The Fleetwood Mac song John McVie didn’t realise was about him

Music history is busy with drama. Bands across all genres and eras seem to be rife with stories of fallouts and fights, sometimes even totally destroying an entire group. Usually, they get into a series of blow-up arguments and have to decide to call the whole thing off. Normally, the working relationships become so totally impossible that the project has to cease existing. I mean, how could you stand in a studio and work alongside someone who hurt you so badly? How could you ever pen another song or write about the situation with the culprit present? Well, it seems that Fleetwood Mac were always immune to that.

The band went through the worst, time and time again, but stuck it out regardless. Stories of the Rumours sessions especially are now infamous, making it mindboggling that those fights weren’t the end of it all. Really, they should serve as the ultimate cautionary tale about mixing business and pleasure, reminding everyone that dating your co-worker or bandmate is not a good idea. But when the music was that good, and their career as a group managed to endure way beyond those 1976 sessions, they’re the exception to the rule.

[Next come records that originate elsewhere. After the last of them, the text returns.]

(* Let $D$ be a pipe dream and $i\ge1$ a row index with $\mathcal J_i(D)\neq\emptyset$, and let $j_{\min}=\min\mathcal J_i(D)$. Then $\delta(D)=\delta\big(D\setminus\{(i,j_{\min})\}\big)\star s_i$.
   Context: Permutations: $S_\infty=\bigcup_n S_n$ is generated by the simple transpositions $s_a=(a\ a{+}1)$, $a\ge 1$; $l(w)$ is the Coxeter length of $w$. A pipe dream is a finite subset $D\subset\mathbb{Z}_{>0}\times\mathbb{Z}_{>0}$; its elements $(r,c)$ are called crosses (in row $r$, column $c$). The reading word of $D$ is obtained by listing the crosses row by row from top to bottom, within each row from right to left (decreasing $c$), and recording for each cross $(r,c)$ its antidiagonal index $r+c-1$; this gives a word $(a_1,\dots,a_k)$. For $u\in S_\infty$ put $u\star s_a=us_a$ if $l(us_a)=l(u)+1$ and $u\star s_a=u$ otherwise. The Demazure product of $D$ is $\delta(D)=(\cdots((e\star s_{a_1})\star s_{a_2})\cdots)\star s_{a_k}$. For a pipe dream $D$ and row index $i$: $\mathrm{start}_i(D)=\min\{c\ge1:(i,c)\notin D\}$ and $\mathcal J_i(D)=\{c<\mathrm{start}_i(D):(i+1,c)\notin D\}$. *)

theory Defs
  imports Main "HOL-Library.Product_Lexorder"
begin

text \<open>Permutations of S_infinity are represented as functions nat => nat
  (bijections of the positive integers with finite support; 0 is fixed).
  Products are composition: (u w)(x) = u (w x).\<close>

definition simple_transp :: "nat \<Rightarrow> nat \<Rightarrow> nat" where
  "simple_transp a = (\<lambda>x. if x = a then a + 1 else if x = a + 1 then a else x)"

definition coxeter_length :: "(nat \<Rightarrow> nat) \<Rightarrow> nat" where
  "coxeter_length w = card {(x, y). 0 < x \<and> x < y \<and> w y < w x}"

definition demazure_step :: "(nat \<Rightarrow> nat) \<Rightarrow> nat \<Rightarrow> (nat \<Rightarrow> nat)" where
  "demazure_step u a =
     (if coxeter_length (u \<circ> simple_transp a) = coxeter_length u + 1
      then u \<circ> simple_transp a else u)"

definition reading_list :: "(nat \<times> nat) set \<Rightarrow> (nat \<times> nat) list" where
  "reading_list D = sort_key (\<lambda>(r, c). (r, - int c)) (sorted_list_of_set D)"

definition reading_word :: "(nat \<times> nat) set \<Rightarrow> nat list" where
  "reading_word D = map (\<lambda>(r, c). r + c - 1) (reading_list D)"

definition demazure_prod :: "(nat \<times> nat) set \<Rightarrow> (nat \<Rightarrow> nat)" where
  "demazure_prod D = foldl demazure_step id (reading_word D)"

definition pd_start :: "(nat \<times> nat) set \<Rightarrow> nat \<Rightarrow> nat" where
  "pd_start D i = (LEAST c. 1 \<le> c \<and> (i, c) \<notin> D)"

definition pd_J :: "(nat \<times> nat) set \<Rightarrow> nat \<Rightarrow> nat set" where
  "pd_J D i = {c. 1 \<le> c \<and> c < pd_start D i \<and> (i + 1, c) \<notin> D}"

end

theory Submission
  imports Defs
begin

text \<open>
  Write [m..a] for the descending word m (m-1) ... a. With s the start of row i and j the
  minimum of J_i(D), the reading word of D is P [i+s-2..i] Q [i+j-1..i+1] Y: Q comes from the
  cells of row i+1 right of column j, so its letters are at least i+j+1, and Y from the rows
  below, so its letters are at least i+2. Removing the cell (i,j) deletes the letter i+j-1 from
  the run [i+s-2..i]. Far commutation and the braid relation give [m-1..a][m..a] = [m..a][m..a+1]
  in the 0-Hecke monoid, hence [i+j-1..i] Q [i+j-1..i+1] Y = [i+j-2..i] Q [i+j-1..i+1] Y i.
  Finally, the Demazure step by s_a is the 0-Hecke step (right multiplication by s_a exactly
  when u(a) < u(a+1)), because s_a then adds precisely the inversion (a,a+1).
\<close>

section \<open>Demazure steps as 0-Hecke steps\<close>

definition hecke_step :: "(nat \<Rightarrow> nat) \<Rightarrow> nat \<Rightarrow> nat \<Rightarrow> nat" where
  "hecke_step u a = (if u a < u (Suc a) then u \<circ> simple_transp a else u)"

lemma simple_transp_simple_transp [simp]: "simple_transp a (simple_transp a x) = x"
  by (simp add: simple_transp_def)

lemma inj_simple_transp: "inj (simple_transp a)"
  by (metis injI simple_transp_simple_transp)

lemma simple_transp_simps [simp]: "simple_transp a a = Suc a" "simple_transp a (Suc a) = a"
  by (simp_all add: simple_transp_def)

lemma simple_transp_pos: "0 < x \<Longrightarrow> 1 \<le> a \<Longrightarrow> 0 < simple_transp a x"
  by (simp add: simple_transp_def)

lemma simple_transp_strict_mono:
  "x < y \<Longrightarrow> (x, y) \<noteq> (a, Suc a) \<Longrightarrow> simple_transp a x < simple_transp a y"
  by (auto simp: simple_transp_def)

lemma simple_transp_commute:
  assumes "a + 2 \<le> b \<or> b + 2 \<le> a"
  shows "simple_transp a \<circ> simple_transp b = simple_transp b \<circ> simple_transp a"
  using assms by (auto simp: simple_transp_def fun_eq_iff)

lemma simple_transp_braid:
  "simple_transp b \<circ> simple_transp (Suc b) \<circ> simple_transp b =
   simple_transp (Suc b) \<circ> simple_transp b \<circ> simple_transp (Suc b)"
  by (auto simp: simple_transp_def fun_eq_iff)

definition finitary_perm :: "(nat \<Rightarrow> nat) \<Rightarrow> bool" where
  "finitary_perm u \<longleftrightarrow> inj u \<and> (\<exists>N. \<forall>x\<ge>N. u x = x)"

lemma finitary_perm_id: "finitary_perm id"
  by (simp add: finitary_perm_def)

lemma finitary_perm_comp_simple_transp:
  assumes "finitary_perm u"
  shows "finitary_perm (u \<circ> simple_transp a)"
proof -
  obtain N where "inj u" and N: "\<forall>x\<ge>N. u x = x"
    using assms by (auto simp: finitary_perm_def)
  then have "\<forall>x\<ge>max N (a + 2). (u \<circ> simple_transp a) x = x"
    by (auto simp: simple_transp_def)
  then show ?thesis
    using \<open>inj u\<close> inj_simple_transp unfolding finitary_perm_def by (blast intro: inj_compose)
qed

definition inversions :: "(nat \<Rightarrow> nat) \<Rightarrow> (nat \<times> nat) set" where
  "inversions u = {(x, y). 0 < x \<and> x < y \<and> u y < u x}"

lemma coxeter_length_eq_card_inversions: "coxeter_length u = card (inversions u)"
  by (simp add: coxeter_length_def inversions_def)

lemma finite_inversions:
  assumes "finitary_perm u"
  shows "finite (inversions u)"
proof -
  obtain N where "inj u" and N: "\<forall>x\<ge>N. u x = x"
    using assms by (auto simp: finitary_perm_def)
  have below: "u x < N" if "x < N" for x
    using N \<open>inj u\<close> that by (metis injD not_le)
  have "y < N" if "(x, y) \<in> inversions u" for x y
  proof (rule ccontr)
    assume "\<not> y < N"
    then have "u y = y" "N \<le> y"
      using N by auto
    moreover have "x < y" "u y < u x"
      using that by (auto simp: inversions_def)
    ultimately show False
      using N below by (metis leD le_trans less_imp_le_nat not_le)
  qed
  then have "inversions u \<subseteq> {..<N} \<times> {..<N}"
    by (force simp: inversions_def)
  then show ?thesis
    using finite_subset by blast
qed

lemma inversions_comp_simple_transp_ascent:
  assumes "1 \<le> a" and "u a < u (Suc a)"
  shows "inversions (u \<circ> simple_transp a) =
    insert (a, Suc a) (map_prod (simple_transp a) (simple_transp a) ` inversions u)"
  (is "?lhs = insert ?p (?g ` _)")
proof (intro equalityI subsetI)
  fix q assume "q \<in> ?lhs"
  then obtain x y where q: "q = (x, y)" "0 < x" "x < y" "u (simple_transp a y) < u (simple_transp a x)"
    by (auto simp: inversions_def)
  show "q \<in> insert ?p (?g ` inversions u)"
  proof (cases "q = ?p")
    case False
    then have "(simple_transp a x, simple_transp a y) \<in> inversions u"
      using q assms(1) by (simp add: inversions_def simple_transp_pos simple_transp_strict_mono)
    then show ?thesis
      using q by (auto intro!: image_eqI[where x = "(simple_transp a x, simple_transp a y)"])
  qed simp
next
  fix q assume "q \<in> insert ?p (?g ` inversions u)"
  then show "q \<in> ?lhs"
  proof
    assume "q \<in> ?g ` inversions u"
    then obtain x y where "q = ?g (x, y)" "0 < x" "x < y" "u y < u x"
      by (auto simp: inversions_def)
    moreover have "(x, y) \<noteq> ?p"
      using \<open>u y < u x\<close> assms(2) by auto
    ultimately show "q \<in> ?lhs"
      using assms(1) by (simp add: inversions_def simple_transp_pos simple_transp_strict_mono)
  qed (use assms in \<open>simp add: inversions_def\<close>)
qed

lemma coxeter_length_comp_simple_transp_ascent:
  assumes "finitary_perm u" and "1 \<le> a" and "u a < u (Suc a)"
  shows "coxeter_length (u \<circ> simple_transp a) = Suc (coxeter_length u)"
proof -
  let ?g = "map_prod (simple_transp a) (simple_transp a)"
  have "inj ?g"
    using map_prod_inj_on[OF inj_simple_transp inj_simple_transp] by simp
  moreover have "(a, Suc a) \<notin> ?g ` inversions u"
  proof
    assume "(a, Suc a) \<in> ?g ` inversions u"
    then obtain x y where "(x, y) \<in> inversions u" "simple_transp a x = a" "simple_transp a y = Suc a"
      by auto
    moreover from this(2,3) have "x = Suc a" "y = a"
      by (metis simple_transp_simple_transp simple_transp_simps)+
    ultimately show False
      by (simp add: inversions_def)
  qed
  ultimately show ?thesis
    using finite_inversions[OF assms(1)]
    by (simp add: coxeter_length_eq_card_inversions inversions_comp_simple_transp_ascent[OF assms(2,3)]
        card_image inj_on_subset)
qed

The story goes that before Rumours, Fleetwood Mac was a band of couples. Christine and John McVie had been married for eight years. Stevie Nicks and Lindsey Buckingham were brought into the group as a package deal, having been dating and making music together since 1966. Mick Fleetwood was really the only free agent, but his moment for chaos would come in 1977 when he and Nicks had an affair.

For a while, that had worked great. But when it came to making Rumours, every single dynamic seemed to blow up. Nicks and Buckingham split and began writing increasingly callous songs about each other, like ‘Go Your Own Way’ or ‘Dreams’. However, at least they were open about their drama. The McVie’s tracks the other hand, were being more covert and infinitely crueler.

Christine McVie’s songs on the record always feel overwhelmingly optimistic and light amongst the drama. There’s the beautiful ballad, ‘Songbird’, or the seductive ‘You Make Loving Fun’. There’s also ‘Don’t Stop’, a track that has become the ultimate anthem for attempting to look on the bright side and keep on keeping on. It feels like a totally harmless track but actually contains a veiled knife.

Both ‘You Make Loving Fun’ and ‘Don’t Stop’ were written while McVie was having an affair with the band’s lighting guy Curry Grant. Her husband didn’t find out until the recording sessions when he was then forced to endure playing on songs his wife wrote about another man.

In this context, ‘Don’t Stop’ feels somewhat passive-aggressive. “Why not think about times to come / And not about the things that you’ve done,” McVie sings as if she’s trying to will forgiveness from both herself and her husband. It gets even worse when she sings, “I know you don’t believe that it’s true / I never meant any harm to you,” as a clear message to the man she cheated on. As if trying to gloss over her infidelity with an air of lightness and joy, ‘Don’t Stop’ is her attempt to make things better, as she didn’t make things bad.

It took her husband a while to cotton on to the message, unlike ‘You Make Loving Fun’, which is the song that blew up the marriage. “I never put that together,” he told Mojo in 2015. “I’ve been playing it for years, and it wasn’t until somebody told me, ‘Chris wrote that about you.’ Oh really?”

Maybe what you don’t know can’t hurt you, and maybe not realising the true nature of the song made it easier for the McVie’s to keep playing the hit over and over for decades. Their marriage, however, couldn’t be saved by blissful ignorance. In 1977, the pair divorced but somehow managed to keep their working relationship intact.